[MPICH] Problem probing message from dynamically spawned process

Wed May 23 05:12:10 CDT 2007

Hello,

I'm using MPICH2 1.0.5 on Debian Etch AMD64 (mpd daemon). I'm trying to
implement a Master / Worker architecture, where the master can dynamically
spawn additional workers (using MPI_Comm_spawn).

Ultimately, I want the master to listen to its workers using a loop with
MPI_Iprobe statements to process incoming messages.
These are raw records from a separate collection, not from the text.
(* Let $G=(V,E,H)$ be a HEDG and $W,X,Y,Z\subseteq V$ with $(X\cup Y\cup Z)\cap W=\emptyset$. Then $X$ is $\sigma$-separated from $Y$ given $Z$ in $G$ if and only if $X$ is $\sigma$-separated from $Y$ given $Z$ in the marginalization $G^{\mathrm{marg}\setminus W}$.
   Context: HEDG $G=(V,E,H)$: $V$ finite, $E\subseteq V\times V$ (self-loops allowed), $H$ a simplicial complex on $V$ (contains all singletons, closed under subsets); for distinct $v,w$, $v\leftrightarrow w$ means $\{v,w\}\in H$. $\mathrm{Anc}^G(v)$ ($\mathrm{Desc}^G(v)$): nodes with a directed path to (from) $v$, including $v$; $\mathrm{Sc}^G(v)=\mathrm{Anc}^G(v)\cap\mathrm{Desc}^G(v)$. Marginalization $G^{\mathrm{marg}\setminus W}=(V\setminus W,E',H')$: $v_1\to v_2\in E'$ iff $G$ has a directed path $v_1\to u_1\to\cdots\to u_r\to v_2$ with $r\ge0$, all $u_i\in W$; $F'\subseteq V\setminus W$ is in $H'$ iff there is $F\in H$ with $F\subseteq F'\cup W$ such that each $v\in F'$ either lies in $F\setminus W$ or there is a directed path $u_1\to\cdots\to u_r\to v$, $r\ge1$, all $u_i\in W$, $u_1\in F\cap W$. A path is a node sequence $v_1,\dots,v_n$ ($n\ge1$, repetitions allowed) with consecutive nodes joined by $\to$, $\leftarrow$ or $\leftrightarrow$. It is $Z$-$\sigma$-blocked if (a) $v_1\in Z$ or $v_n\in Z$; or (b) some intermediate $v_i$ is a collider (both adjacent edges have an arrowhead at $v_i$) with $v_i\notin\mathrm{Anc}^G(Z)$; or (c) some intermediate non-collider $v_i\in Z$ has, on the path, an outgoing directed edge $v_i\to v_{i+1}$ with $v_{i+1}\notin\mathrm{Sc}^G(v_i)$ or $v_{i-1}\leftarrow v_i$ with $v_{i-1}\notin\mathrm{Sc}^G(v_i)$. $X$ is $\sigma$-separated from $Y$ given $Z$ if every path with one endnode in $X$ and the other in $Y$ is $Z$-$\sigma$-blocked. *)

theory Defs
  imports Main
begin

definition simplicial_complex :: "'a set \<Rightarrow> 'a set set \<Rightarrow> bool" where
  "simplicial_complex V H \<longleftrightarrow>
     (\<forall>F\<in>H. F \<subseteq> V) \<and> (\<forall>v\<in>V. {v} \<in> H) \<and> (\<forall>F\<in>H. \<forall>F'. F' \<subseteq> F \<longrightarrow> F' \<in> H)"

definition hedg :: "'a set \<Rightarrow> ('a \<times> 'a) set \<Rightarrow> 'a set set \<Rightarrow> bool" where
  "hedg V E H \<longleftrightarrow> finite V \<and> E \<subseteq> V \<times> V \<and> simplicial_complex V H"

definition anc :: "('a \<times> 'a) set \<Rightarrow> 'a \<Rightarrow> 'a set" where
  "anc E v = {u. (u, v) \<in> E\<^sup>*}"

definition desc :: "('a \<times> 'a) set \<Rightarrow> 'a \<Rightarrow> 'a set" where
  "desc E v = {u. (v, u) \<in> E\<^sup>*}"

definition sc :: "('a \<times> 'a) set \<Rightarrow> 'a \<Rightarrow> 'a set" where
  "sc E v = anc E v \<inter> desc E v"

definition anc_set :: "('a \<times> 'a) set \<Rightarrow> 'a set \<Rightarrow> 'a set" where
  "anc_set E Z = (\<Union>z\<in>Z. anc E z)"

text \<open>Directed path a \<rightarrow> u1 \<rightarrow> ... \<rightarrow> ur \<rightarrow> b with r \<ge> 0 and all ui in W.\<close>
definition dpath_via :: "('a \<times> 'a) set \<Rightarrow> 'a set \<Rightarrow> 'a \<Rightarrow> 'a \<Rightarrow> bool" where
  "dpath_via E W a b \<longleftrightarrow> (a, b) \<in> {(x, y). (x, y) \<in> E \<and> y \<in> W}\<^sup>* O E"

definition marg_E :: "'a set \<Rightarrow> ('a \<times> 'a) set \<Rightarrow> 'a set \<Rightarrow> ('a \<times> 'a) set" where
  "marg_E V E W = {(a, b). a \<in> V - W \<and> b \<in> V - W \<and> dpath_via E W a b}"

definition marg_H :: "'a set \<Rightarrow> ('a \<times> 'a) set \<Rightarrow> 'a set set \<Rightarrow> 'a set \<Rightarrow> 'a set set" where
  "marg_H V E H W = {F'. F' \<subseteq> V - W \<and>
     (\<exists>F\<in>H. F \<subseteq> F' \<union> W \<and>
        (\<forall>v\<in>F'. v \<in> F - W \<or> (\<exists>u\<in>F \<inter> W. dpath_via E W u v)))}"

text \<open>Edge kinds on a path: Fwd at position i means v_i \<rightarrow> v_(i+1),
  Bwd means v_i \<leftarrow> v_(i+1), Bi means v_i \<leftrightarrow> v_(i+1).\<close>
datatype edge_kind = Fwd | Bwd | Bi

definition edge_ok :: "('a \<times> 'a) set \<Rightarrow> 'a set set \<Rightarrow> 'a \<Rightarrow> edge_kind \<Rightarrow> 'a \<Rightarrow> bool" where
  "edge_ok E H a k b \<longleftrightarrow>
     (case k of Fwd \<Rightarrow> (a, b) \<in> E | Bwd \<Rightarrow> (b, a) \<in> E | Bi \<Rightarrow> a \<noteq> b \<and> {a, b} \<in> H)"

definition is_path :: "'a set \<Rightarrow> ('a \<times> 'a) set \<Rightarrow> 'a set set \<Rightarrow> 'a list \<Rightarrow> edge_kind list \<Rightarrow> bool" where
  "is_path V E H vs es \<longleftrightarrow> vs \<noteq> [] \<and> set vs \<subseteq> V \<and> length es = length vs - 1 \<and>
     (\<forall>i < length es. edge_ok E H (vs ! i) (es ! i) (vs ! Suc i))"

text \<open>Arrowhead of edge es!(i-1) at node i, resp. of edge es!i at node i.\<close>
definition head_in :: "edge_kind \<Rightarrow> bool" where
  "head_in k \<longleftrightarrow> k = Fwd \<or> k = Bi"

definition head_out :: "edge_kind \<Rightarrow> bool" where
  "head_out k \<longleftrightarrow> k = Bwd \<or> k = Bi"

definition collider :: "edge_kind list \<Rightarrow> nat \<Rightarrow> bool" where
  "collider es i \<longleftrightarrow> head_in (es ! (i - 1)) \<and> head_out (es ! i)"

definition sigma_blocked :: "('a \<times> 'a) set \<Rightarrow> 'a set \<Rightarrow> 'a list \<Rightarrow> edge_kind list \<Rightarrow> bool" where
  "sigma_blocked E Z vs es \<longleftrightarrow>
     hd vs \<in> Z \<or> last vs \<in> Z \<or>
     (\<exists>i. 0 < i \<and> i < length vs - 1 \<and> collider es i \<and> vs ! i \<notin> anc_set E Z) \<or>
     (\<exists>i. 0 < i \<and> i < length vs - 1 \<and> \<not> collider es i \<and> vs ! i \<in> Z \<and>
        ((es ! i = Fwd \<and> vs ! Suc i \<notin> sc E (vs ! i)) \<or>
         (es ! (i - 1) = Bwd \<and> vs ! (i - 1) \<notin> sc E (vs ! i))))"

definition sigma_sep :: "'a set \<Rightarrow> ('a \<times> 'a) set \<Rightarrow> 'a set set \<Rightarrow> 'a set \<Rightarrow> 'a set \<Rightarrow> 'a set \<Rightarrow> bool" where
  "sigma_sep V E H X Y Z \<longleftrightarrow>
     (\<forall>vs es. is_path V E H vs es \<and>
        ((hd vs \<in> X \<and> last vs \<in> Y) \<or> (hd vs \<in> Y \<and> last vs \<in> X))
        \<longrightarrow> sigma_blocked E Z vs es)"

end

theory Submission
  imports Defs
begin

(* Whether a path is sigma-blocked is decided by conditions on consecutive triples of nodes,
   so sigma-separation is the absence of certain walks in a transition system whose states
   remember the previous node and the kind of the last edge ("open walks").

   Marginalizing a node set W disjoint from Z preserves reachability, the ancestors of Z and
   the strongly connected components among the remaining nodes, so the local conditions agree
   at visible nodes. An open walk of the marginal graph expands to one of the original graph:
   a marginal edge becomes a directed path through W whose hidden nodes are open non-colliders
   outside Z. Conversely an open walk of the original graph is simulated step by step, each
   excursion into W being collapsed onto the last visible node before it; a hidden collider
   in the ancestors of Z is bypassed by a detour to its first visible descendant. *)

section \<open>Sigma-separation via open walks\<close>

(* A state Some (p, k) records the previous node p and the kind k of the edge from p to the
   current node v; the flag ho tells whether the next edge has an arrowhead at v. *)
definition open_entry ::
    "('a \<times> 'a) set \<Rightarrow> 'a set \<Rightarrow> ('a \<times> edge_kind) option \<Rightarrow> 'a \<Rightarrow> bool \<Rightarrow> bool" where
  "open_entry E Z st v ho \<longleftrightarrow> (case st of None \<Rightarrow> True | Some (p, k) \<Rightarrow>
     (head_in k \<and> ho \<longrightarrow> v \<in> anc_set E Z) \<and> (v \<in> Z \<and> k = Bwd \<longrightarrow> p \<in> sc E v))"

definition open_exit :: "('a \<times> 'a) set \<Rightarrow> 'a set \<Rightarrow> 'a \<Rightarrow> edge_kind \<Rightarrow> 'a \<Rightarrow> bool" where
  "open_exit E Z v k n \<longleftrightarrow> (v \<in> Z \<and> k = Fwd \<longrightarrow> n \<in> sc E v)"

inductive open_walk ::
    "'a set \<Rightarrow> ('a \<times> 'a) set \<Rightarrow> 'a set set \<Rightarrow> 'a set \<Rightarrow> 'a \<Rightarrow> ('a \<times> edge_kind) option \<Rightarrow> 'a \<Rightarrow> bool"
  for V E H Z x where
  start: "x \<in> V \<Longrightarrow> x \<notin> Z \<Longrightarrow> open_walk V E H Z x None x"
| step: "open_walk V E H Z x st v \<Longrightarrow> edge_ok E H v k n \<Longrightarrow> n \<in> V \<Longrightarrow>
    open_entry E Z st v (head_out k) \<Longrightarrow> open_exit E Z v k n \<Longrightarrow>
    open_walk V E H Z x (Some (v, k)) n"

definition interior_open :: "('a \<times> 'a) set \<Rightarrow> 'a set \<Rightarrow> 'a list \<Rightarrow> edge_kind list \<Rightarrow> bool" where
  "interior_open E Z vs es \<longleftrightarrow> (\<forall>i. 0 < i \<longrightarrow> i < length vs - 1 \<longrightarrow>
     open_entry E Z (Some (vs ! (i - 1), es ! (i - 1))) (vs ! i) (head_out (es ! i)) \<and>
     open_exit E Z (vs ! i) (es ! i) (vs ! Suc i))"

lemma not_sigma_blocked_iff:
  "\<not> sigma_blocked E Z vs es \<longleftrightarrow> hd vs \<notin> Z \<and> last vs \<notin> Z \<and> interior_open E Z vs es"
  unfolding sigma_blocked_def interior_open_def
proof (intro iffI conjI allI impI)
  fix i
  assume "\<not> (hd vs \<in> Z \<or> last vs \<in> Z \<or>
     (\<exists>i. 0 < i \<and> i < length vs - 1 \<and> collider es i \<and> vs ! i \<notin> anc_set E Z) \<or>
     (\<exists>i. 0 < i \<and> i < length vs - 1 \<and> \<not> collider es i \<and> vs ! i \<in> Z \<and>
        ((es ! i = Fwd \<and> vs ! Suc i \<notin> sc E (vs ! i)) \<or>
         (es ! (i - 1) = Bwd \<and> vs ! (i - 1) \<notin> sc E (vs ! i)))))"
    and "0 < i" "i < length vs - 1"
  then show "open_entry E Z (Some (vs ! (i - 1), es ! (i - 1))) (vs ! i) (head_out (es ! i))"
    "open_exit E Z (vs ! i) (es ! i) (vs ! Suc i)"
    unfolding open_entry_def open_exit_def collider_def head_in_def head_out_def
    by (cases "es ! i"; cases "es ! (i - 1)"; auto)+
qed (auto simp: open_entry_def open_exit_def collider_def head_in_def head_out_def
       split: edge_kind.splits)

lemma open_walk_of_path:
  assumes path: "is_path V E H vs es" and "hd vs \<notin> Z" and "interior_open E Z vs es"
    and "m < length vs"
  shows "open_walk V E H Z (hd vs)
           (if m = 0 then None else Some (vs ! (m - 1), es ! (m - 1))) (vs ! m)"
  using \<open>m < length vs\<close>
proof (induction m)
  case 0
  then show ?case
    using path \<open>hd vs \<notin> Z\<close> by (auto simp: is_path_def hd_conv_nth intro!: open_walk.start)
next
  case (Suc m)
  have walk: "open_walk V E H Z (hd vs)
      (if m = 0 then None else Some (vs ! (m - 1), es ! (m - 1))) (vs ! m)"
    using Suc by simp
  have edge: "edge_ok E H (vs ! m) (es ! m) (vs ! Suc m)" and "vs ! Suc m \<in> V"
    using path Suc.prems by (auto simp: is_path_def)
  have "open_entry E Z (if m = 0 then None else Some (vs ! (m - 1), es ! (m - 1)))
          (vs ! m) (head_out (es ! m)) \<and> open_exit E Z (vs ! m) (es ! m) (vs ! Suc m)"
  proof (cases "m = 0")
    case True
    have "vs ! 0 = hd vs"
      using Suc.prems by (cases vs) auto
    then show ?thesis
      using True \<open>hd vs \<notin> Z\<close> by (simp add: open_entry_def open_exit_def)
  next
    case False
    then show ?thesis
      using \<open>interior_open E Z vs es\<close> Suc.prems unfolding interior_open_def by auto
  qed
  then show ?case
    using open_walk.step[OF walk edge \<open>vs ! Suc m \<in> V\<close>] by simp
qed

lemma is_path_snoc:
  assumes path: "is_path V E H vs es" and "edge_ok E H (last vs) k n" and "n \<in> V"
  shows "is_path V E H (vs @ [n]) (es @ [k])"
  unfolding is_path_def
proof (intro conjI allI impI)
  have ne: "vs \<noteq> []" and les: "length es = length vs - 1"
    using path by (auto simp: is_path_def)
  show "vs @ [n] \<noteq> []" "set (vs @ [n]) \<subseteq> V" "length (es @ [k]) = length (vs @ [n]) - 1"
    using path \<open>n \<in> V\<close> les ne by (auto simp: is_path_def)
  fix i
  assume "i < length (es @ [k])"
  then consider "i < length es" | "i = length es"
    by fastforce
  then show "edge_ok E H ((vs @ [n]) ! i) ((es @ [k]) ! i) ((vs @ [n]) ! Suc i)"
  proof cases
    case 1
    then show ?thesis
      using path les by (auto simp: is_path_def nth_append)
  next
    case 2
    then show ?thesis
      using assms(2) les ne by (auto simp: nth_append last_conv_nth)
  qed
qed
However, when testing
my initial efforts, I have stumbled over a peculiar situation which
(seemingly) allows the Master to receive a worker's (test) message, but
cannot Iprobe for it.

In my testing, the spawned Workers run on the same machine as the Master.

Assume the Worker (residing in an executable called "Worker") looks like
this:

   int main(int argc, char** argv) {
    MPI_Comm Master;

    MPI_Init(&argc, &argv);
    MPI_Comm_get_parent(&Master);
    if (MDPBlackBoard == MPI_COMM_NULL) {
        cerr << "No parent Master!" << endl;
        return 1;
    }

    int size;
    MPI_Comm_remote_size(Master, &size);
    if (size != 1) {
        cerr << "Parent Master doesn't have size 1" << endl;
        return 1;
    }
    // Test: send test message to Master
    int test = 37;
    MPI_Status s;
    MPI_Send(&test, 1, MPI_INT, 0, TAG_TEST, Master);
    // Rest of code
   }

And the Master begins as

   int main(int argc, char** argv) {
    MPI_Init(&argc, &argv);

        MPI_Comm workerComm;    
    MPI_Info ourInfo;
    MPI_Info_create(&ourInfo);

    // Spawn Worker
    MPI_Comm_spawn("Worker", MPI_ARGV_NULL, 1, ourInfo, 0,
MPI_COMM_SELF, &workerComm, MPI_ERRCODES_IGNORE);

    // Test: check test message from worker
    for (;;) {
        int flag = 0;
        int result = MPI_Iprobe(0, TAG_TEST, workerComm, &flag, &s);
        cout <<    "MPI_Iprobe: result is " << result << ", flag is " <<
flag << endl;
        if (flag > 0)
           break;
    }

    int test;    
    MPI_Recv(&test, 1, MPI_INT, 0, TAG_TEST, workerComm, &s);
    cout <<    "BlackBoard: Have received test, data is " << test << endl;
   }    

What happens when running this architecture (mpiexec -n 1 Master) is that
the Master never leaves its for loop (probing for messages from the
Worker, flag and result equal 0 forever; according to my docs, flag
should become 1 when a message is available), even if I let it run for a
long time.

However, when I remove the for loop in the Master and immediately proceed
to MPI_Recv() of the TAG_TEST message, all goes well (i.e. the message is
received by the master and both master and worker continue).

What am I doing wrong or not understanding correctly?

The message send/receive and probing works fine on this same machine
when two processes are started with mpiexec -n 2 (and thus have ranks 0
and 1 in the same MPI_COMM_WORLD) and MPI_COMM_WORLD is used everywhere.

Pieter